| PROBLEM TO WORK ON |
Set out exactly, line by line, the stretch of data below that begins at the line containing "continuous_on_forcing_slice) auto" and ends at the line containing "using g_le[of s]", with both ends kept.

(Stored items)
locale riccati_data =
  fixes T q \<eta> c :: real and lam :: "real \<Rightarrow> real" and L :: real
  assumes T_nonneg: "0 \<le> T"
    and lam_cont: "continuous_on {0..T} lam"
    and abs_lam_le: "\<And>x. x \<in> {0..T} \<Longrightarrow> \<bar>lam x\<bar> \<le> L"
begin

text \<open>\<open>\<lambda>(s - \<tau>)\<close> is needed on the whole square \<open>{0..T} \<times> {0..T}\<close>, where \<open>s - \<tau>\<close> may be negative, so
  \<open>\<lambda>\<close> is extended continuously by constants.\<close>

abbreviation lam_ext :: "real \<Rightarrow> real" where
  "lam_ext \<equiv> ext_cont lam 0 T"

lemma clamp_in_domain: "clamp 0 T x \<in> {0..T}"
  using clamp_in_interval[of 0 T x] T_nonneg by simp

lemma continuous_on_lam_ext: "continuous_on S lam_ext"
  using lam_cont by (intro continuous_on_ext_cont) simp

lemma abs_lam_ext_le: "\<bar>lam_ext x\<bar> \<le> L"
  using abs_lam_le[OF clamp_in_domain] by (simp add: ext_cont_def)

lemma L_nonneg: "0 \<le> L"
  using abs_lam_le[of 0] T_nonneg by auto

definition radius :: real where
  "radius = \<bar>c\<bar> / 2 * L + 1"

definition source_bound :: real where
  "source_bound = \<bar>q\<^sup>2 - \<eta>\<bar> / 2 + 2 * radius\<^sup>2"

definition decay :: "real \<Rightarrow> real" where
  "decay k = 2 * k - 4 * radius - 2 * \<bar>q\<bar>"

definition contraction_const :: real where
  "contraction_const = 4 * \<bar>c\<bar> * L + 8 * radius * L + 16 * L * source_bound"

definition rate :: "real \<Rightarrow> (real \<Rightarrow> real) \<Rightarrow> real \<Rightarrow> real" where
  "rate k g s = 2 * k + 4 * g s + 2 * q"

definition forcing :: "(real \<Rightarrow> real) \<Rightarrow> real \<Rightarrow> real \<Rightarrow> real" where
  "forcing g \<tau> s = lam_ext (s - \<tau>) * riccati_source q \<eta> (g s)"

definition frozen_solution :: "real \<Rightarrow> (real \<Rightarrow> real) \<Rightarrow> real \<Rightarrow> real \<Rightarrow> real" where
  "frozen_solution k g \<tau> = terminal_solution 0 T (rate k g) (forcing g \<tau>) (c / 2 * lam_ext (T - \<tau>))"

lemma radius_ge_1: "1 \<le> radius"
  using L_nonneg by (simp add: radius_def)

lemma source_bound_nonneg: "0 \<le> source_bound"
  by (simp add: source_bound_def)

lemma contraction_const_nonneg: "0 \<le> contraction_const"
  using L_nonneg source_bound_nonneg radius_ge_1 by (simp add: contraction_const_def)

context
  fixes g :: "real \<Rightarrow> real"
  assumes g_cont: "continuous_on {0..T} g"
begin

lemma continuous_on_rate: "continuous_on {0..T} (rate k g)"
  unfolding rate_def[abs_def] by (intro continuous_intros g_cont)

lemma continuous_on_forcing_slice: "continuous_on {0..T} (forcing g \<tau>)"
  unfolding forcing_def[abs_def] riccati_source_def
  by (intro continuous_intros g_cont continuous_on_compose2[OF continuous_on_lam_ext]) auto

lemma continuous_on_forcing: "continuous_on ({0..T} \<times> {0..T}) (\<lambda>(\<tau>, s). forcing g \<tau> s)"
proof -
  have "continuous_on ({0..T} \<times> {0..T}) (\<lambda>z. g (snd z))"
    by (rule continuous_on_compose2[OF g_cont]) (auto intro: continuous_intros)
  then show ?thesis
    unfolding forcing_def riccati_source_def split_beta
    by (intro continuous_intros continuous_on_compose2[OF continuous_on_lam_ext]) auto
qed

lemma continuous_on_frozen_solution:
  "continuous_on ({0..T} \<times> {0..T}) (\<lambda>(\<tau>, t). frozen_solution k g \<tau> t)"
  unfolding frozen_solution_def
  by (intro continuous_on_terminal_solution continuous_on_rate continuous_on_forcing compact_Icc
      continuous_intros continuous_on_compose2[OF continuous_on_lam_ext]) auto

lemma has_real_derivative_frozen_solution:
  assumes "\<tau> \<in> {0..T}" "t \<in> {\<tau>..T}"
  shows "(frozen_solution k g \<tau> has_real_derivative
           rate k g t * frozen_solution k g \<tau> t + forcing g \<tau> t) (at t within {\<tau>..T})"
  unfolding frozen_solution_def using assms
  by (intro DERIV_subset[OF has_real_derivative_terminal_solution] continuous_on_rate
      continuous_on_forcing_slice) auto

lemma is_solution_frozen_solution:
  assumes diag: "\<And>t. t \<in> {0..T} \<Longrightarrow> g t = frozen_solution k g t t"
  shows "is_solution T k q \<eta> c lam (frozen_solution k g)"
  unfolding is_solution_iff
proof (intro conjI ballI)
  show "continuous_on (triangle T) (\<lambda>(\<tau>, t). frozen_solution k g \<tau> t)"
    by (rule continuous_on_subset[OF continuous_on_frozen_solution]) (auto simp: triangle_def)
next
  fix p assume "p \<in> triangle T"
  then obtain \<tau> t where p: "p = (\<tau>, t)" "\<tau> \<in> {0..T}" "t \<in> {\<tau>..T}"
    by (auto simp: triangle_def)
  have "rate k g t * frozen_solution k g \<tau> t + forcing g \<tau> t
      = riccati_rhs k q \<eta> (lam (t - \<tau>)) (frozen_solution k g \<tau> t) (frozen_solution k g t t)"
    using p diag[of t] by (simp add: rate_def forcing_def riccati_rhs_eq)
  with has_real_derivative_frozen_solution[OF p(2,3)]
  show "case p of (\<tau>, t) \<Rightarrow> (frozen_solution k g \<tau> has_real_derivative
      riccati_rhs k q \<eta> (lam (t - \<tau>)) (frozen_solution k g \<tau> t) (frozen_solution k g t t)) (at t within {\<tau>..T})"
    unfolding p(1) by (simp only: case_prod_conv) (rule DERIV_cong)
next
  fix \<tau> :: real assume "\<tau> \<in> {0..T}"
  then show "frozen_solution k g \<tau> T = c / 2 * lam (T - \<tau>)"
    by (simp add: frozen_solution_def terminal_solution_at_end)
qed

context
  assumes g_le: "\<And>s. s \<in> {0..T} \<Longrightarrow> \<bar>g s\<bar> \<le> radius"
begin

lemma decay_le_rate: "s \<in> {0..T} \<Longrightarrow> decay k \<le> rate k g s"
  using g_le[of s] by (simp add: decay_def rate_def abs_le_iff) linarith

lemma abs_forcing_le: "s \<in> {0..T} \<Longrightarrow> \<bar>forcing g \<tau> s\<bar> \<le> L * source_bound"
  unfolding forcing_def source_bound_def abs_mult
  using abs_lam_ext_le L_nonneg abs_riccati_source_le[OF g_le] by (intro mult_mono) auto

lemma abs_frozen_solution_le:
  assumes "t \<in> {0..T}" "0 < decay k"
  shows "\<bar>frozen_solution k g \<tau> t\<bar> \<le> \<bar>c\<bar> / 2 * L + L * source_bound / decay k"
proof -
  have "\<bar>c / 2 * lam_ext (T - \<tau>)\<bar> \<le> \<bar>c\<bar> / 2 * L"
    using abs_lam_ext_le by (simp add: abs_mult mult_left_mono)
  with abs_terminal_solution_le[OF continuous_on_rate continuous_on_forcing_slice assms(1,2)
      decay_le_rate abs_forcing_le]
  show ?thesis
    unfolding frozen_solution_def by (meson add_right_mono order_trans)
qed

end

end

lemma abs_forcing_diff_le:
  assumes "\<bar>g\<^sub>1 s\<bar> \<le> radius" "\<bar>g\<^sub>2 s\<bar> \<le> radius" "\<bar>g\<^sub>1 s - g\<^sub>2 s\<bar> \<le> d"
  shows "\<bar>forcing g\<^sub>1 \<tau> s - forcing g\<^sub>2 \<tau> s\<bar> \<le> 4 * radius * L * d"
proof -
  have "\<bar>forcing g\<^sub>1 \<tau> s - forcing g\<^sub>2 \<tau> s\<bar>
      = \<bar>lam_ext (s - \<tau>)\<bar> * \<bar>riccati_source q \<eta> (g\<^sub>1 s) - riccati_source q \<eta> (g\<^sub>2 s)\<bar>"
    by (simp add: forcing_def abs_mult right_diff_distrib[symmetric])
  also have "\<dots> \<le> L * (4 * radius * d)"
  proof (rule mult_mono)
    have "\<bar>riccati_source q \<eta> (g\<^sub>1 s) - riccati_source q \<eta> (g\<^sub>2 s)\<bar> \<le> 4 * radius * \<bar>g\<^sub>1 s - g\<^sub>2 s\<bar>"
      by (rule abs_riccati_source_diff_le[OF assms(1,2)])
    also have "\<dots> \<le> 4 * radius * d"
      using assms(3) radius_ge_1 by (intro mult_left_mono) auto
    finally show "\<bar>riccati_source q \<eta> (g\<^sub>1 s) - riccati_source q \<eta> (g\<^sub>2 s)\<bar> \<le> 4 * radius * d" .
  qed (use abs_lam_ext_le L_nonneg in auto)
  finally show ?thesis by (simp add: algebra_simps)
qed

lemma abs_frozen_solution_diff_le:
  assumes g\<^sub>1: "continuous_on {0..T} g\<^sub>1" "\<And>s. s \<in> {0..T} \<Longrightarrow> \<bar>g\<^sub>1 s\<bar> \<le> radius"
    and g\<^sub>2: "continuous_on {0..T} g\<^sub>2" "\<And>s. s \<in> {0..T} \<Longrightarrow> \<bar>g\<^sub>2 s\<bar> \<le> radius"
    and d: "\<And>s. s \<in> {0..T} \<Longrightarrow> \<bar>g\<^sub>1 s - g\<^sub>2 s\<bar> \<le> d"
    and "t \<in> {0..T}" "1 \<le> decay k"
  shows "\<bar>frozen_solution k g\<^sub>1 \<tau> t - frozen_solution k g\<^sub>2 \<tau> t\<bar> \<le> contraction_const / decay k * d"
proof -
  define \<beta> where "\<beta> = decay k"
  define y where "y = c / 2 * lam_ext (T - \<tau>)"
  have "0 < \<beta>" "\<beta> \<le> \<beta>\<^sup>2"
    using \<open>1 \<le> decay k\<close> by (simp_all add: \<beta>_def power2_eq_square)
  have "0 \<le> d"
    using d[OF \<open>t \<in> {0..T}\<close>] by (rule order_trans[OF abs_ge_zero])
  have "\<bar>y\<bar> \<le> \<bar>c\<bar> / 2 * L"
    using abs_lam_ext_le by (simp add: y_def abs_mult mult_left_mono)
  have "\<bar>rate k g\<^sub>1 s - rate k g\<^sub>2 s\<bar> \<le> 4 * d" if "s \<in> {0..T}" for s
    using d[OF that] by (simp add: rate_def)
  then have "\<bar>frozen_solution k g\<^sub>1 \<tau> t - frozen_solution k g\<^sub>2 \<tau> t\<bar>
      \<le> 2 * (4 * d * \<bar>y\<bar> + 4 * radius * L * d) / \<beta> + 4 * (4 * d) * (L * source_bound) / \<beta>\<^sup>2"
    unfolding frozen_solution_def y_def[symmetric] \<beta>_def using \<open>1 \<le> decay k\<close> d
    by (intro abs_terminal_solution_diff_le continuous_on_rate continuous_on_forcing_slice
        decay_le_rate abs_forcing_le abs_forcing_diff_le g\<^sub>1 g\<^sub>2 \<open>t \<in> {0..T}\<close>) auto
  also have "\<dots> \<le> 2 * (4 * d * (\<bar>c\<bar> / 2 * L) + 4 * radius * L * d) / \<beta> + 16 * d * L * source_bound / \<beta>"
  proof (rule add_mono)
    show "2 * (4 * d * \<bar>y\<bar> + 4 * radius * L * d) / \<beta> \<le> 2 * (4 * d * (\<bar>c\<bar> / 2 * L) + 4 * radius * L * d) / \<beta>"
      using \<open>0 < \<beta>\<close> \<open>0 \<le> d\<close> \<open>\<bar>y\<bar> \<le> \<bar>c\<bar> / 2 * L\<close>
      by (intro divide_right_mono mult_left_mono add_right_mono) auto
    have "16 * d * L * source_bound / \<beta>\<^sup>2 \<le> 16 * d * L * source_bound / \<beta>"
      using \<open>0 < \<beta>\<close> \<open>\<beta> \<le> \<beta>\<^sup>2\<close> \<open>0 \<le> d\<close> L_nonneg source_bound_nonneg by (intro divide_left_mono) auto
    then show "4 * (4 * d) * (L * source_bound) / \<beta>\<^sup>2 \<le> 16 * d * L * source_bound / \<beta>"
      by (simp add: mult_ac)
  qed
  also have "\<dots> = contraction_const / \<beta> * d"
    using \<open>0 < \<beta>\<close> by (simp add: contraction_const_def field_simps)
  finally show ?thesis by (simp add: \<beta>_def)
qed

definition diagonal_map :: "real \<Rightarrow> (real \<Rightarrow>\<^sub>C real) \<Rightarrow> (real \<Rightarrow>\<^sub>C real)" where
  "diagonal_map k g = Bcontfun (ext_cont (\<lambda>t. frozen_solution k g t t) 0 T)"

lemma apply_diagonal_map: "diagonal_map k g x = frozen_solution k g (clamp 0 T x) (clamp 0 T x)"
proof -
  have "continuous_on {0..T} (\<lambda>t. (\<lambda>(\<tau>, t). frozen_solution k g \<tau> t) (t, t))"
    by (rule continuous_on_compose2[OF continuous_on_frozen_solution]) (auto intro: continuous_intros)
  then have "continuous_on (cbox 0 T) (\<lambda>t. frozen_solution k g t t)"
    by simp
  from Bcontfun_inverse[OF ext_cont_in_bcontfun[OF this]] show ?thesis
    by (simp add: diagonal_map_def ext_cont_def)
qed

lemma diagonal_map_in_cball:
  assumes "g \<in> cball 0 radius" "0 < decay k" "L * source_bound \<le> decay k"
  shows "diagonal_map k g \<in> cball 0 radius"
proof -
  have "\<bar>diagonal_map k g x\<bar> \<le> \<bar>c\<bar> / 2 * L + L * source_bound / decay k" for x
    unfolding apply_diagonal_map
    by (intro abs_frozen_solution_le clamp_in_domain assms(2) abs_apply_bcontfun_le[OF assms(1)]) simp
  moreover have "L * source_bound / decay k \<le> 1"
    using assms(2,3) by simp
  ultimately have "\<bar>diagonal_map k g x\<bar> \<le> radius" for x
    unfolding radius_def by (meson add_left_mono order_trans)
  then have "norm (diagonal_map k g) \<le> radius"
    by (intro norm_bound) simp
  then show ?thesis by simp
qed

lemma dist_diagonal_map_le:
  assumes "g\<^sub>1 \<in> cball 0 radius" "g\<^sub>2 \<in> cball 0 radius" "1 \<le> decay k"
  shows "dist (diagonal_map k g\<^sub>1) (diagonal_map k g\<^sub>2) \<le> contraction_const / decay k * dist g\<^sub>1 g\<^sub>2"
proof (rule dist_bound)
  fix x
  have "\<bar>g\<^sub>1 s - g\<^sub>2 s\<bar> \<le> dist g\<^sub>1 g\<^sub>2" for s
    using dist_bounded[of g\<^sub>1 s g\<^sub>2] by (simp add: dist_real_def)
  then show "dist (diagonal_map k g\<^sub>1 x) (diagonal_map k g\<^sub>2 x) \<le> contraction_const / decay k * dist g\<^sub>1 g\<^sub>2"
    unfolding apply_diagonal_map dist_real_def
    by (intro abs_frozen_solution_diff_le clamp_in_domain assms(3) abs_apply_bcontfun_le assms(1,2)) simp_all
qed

...

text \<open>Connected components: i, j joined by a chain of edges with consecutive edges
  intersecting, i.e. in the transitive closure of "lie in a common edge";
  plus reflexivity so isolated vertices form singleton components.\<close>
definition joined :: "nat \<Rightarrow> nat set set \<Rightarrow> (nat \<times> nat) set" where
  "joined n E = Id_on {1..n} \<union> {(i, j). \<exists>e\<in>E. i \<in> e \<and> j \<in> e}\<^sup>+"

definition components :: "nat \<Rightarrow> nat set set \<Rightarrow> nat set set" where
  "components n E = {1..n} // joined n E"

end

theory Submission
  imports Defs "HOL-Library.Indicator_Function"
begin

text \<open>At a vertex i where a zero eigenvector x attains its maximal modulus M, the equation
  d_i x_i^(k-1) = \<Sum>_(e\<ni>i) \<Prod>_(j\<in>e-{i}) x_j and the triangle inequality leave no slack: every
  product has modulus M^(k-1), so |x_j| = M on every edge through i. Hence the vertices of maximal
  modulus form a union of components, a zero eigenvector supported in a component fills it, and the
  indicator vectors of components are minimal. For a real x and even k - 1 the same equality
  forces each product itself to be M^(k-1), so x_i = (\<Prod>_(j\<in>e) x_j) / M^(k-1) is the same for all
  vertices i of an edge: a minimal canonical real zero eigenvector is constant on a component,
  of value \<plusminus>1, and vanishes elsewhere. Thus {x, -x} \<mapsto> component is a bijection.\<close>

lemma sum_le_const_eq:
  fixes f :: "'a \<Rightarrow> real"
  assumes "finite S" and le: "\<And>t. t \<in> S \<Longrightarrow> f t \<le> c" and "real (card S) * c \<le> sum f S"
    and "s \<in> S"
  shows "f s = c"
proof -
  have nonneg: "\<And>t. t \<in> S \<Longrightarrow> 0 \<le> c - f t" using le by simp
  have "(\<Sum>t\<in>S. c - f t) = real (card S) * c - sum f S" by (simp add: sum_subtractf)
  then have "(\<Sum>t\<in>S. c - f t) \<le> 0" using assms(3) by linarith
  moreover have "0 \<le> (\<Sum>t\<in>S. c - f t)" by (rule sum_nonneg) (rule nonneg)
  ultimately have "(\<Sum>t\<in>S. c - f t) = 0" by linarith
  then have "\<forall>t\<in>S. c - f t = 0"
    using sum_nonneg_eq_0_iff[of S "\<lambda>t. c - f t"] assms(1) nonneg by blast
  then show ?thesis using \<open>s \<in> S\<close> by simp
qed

| EXERCISE OUTPUT |
      continuous_on_forcing_slice) auto

lemma is_solution_frozen_solution:
  assumes diag: "\<And>t. t \<in> {0..T} \<Longrightarrow> g t = frozen_solution k g t t"
  shows "is_solution T k q \<eta> c lam (frozen_solution k g)"
  unfolding is_solution_iff
proof (intro conjI ballI)
  show "continuous_on (triangle T) (\<lambda>(\<tau>, t). frozen_solution k g \<tau> t)"
    by (rule continuous_on_subset[OF continuous_on_frozen_solution]) (auto simp: triangle_def)
next
  fix p assume "p \<in> triangle T"
  then obtain \<tau> t where p: "p = (\<tau>, t)" "\<tau> \<in> {0..T}" "t \<in> {\<tau>..T}"
    by (auto simp: triangle_def)
  have "rate k g t * frozen_solution k g \<tau> t + forcing g \<tau> t
      = riccati_rhs k q \<eta> (lam (t - \<tau>)) (frozen_solution k g \<tau> t) (frozen_solution k g t t)"
    using p diag[of t] by (simp add: rate_def forcing_def riccati_rhs_eq)
  with has_real_derivative_frozen_solution[OF p(2,3)]
  show "case p of (\<tau>, t) \<Rightarrow> (frozen_solution k g \<tau> has_real_derivative
      riccati_rhs k q \<eta> (lam (t - \<tau>)) (frozen_solution k g \<tau> t) (frozen_solution k g t t)) (at t within {\<tau>..T})"
    unfolding p(1) by (simp only: case_prod_conv) (rule DERIV_cong)
next
  fix \<tau> :: real assume "\<tau> \<in> {0..T}"
  then show "frozen_solution k g \<tau> T = c / 2 * lam (T - \<tau>)"
    by (simp add: frozen_solution_def terminal_solution_at_end)
qed

context
  assumes g_le: "\<And>s. s \<in> {0..T} \<Longrightarrow> \<bar>g s\<bar> \<le> radius"
begin

lemma decay_le_rate: "s \<in> {0..T} \<Longrightarrow> decay k \<le> rate k g s"
  using g_le[of s] by (simp add: decay_def rate_def abs_le_iff) linarith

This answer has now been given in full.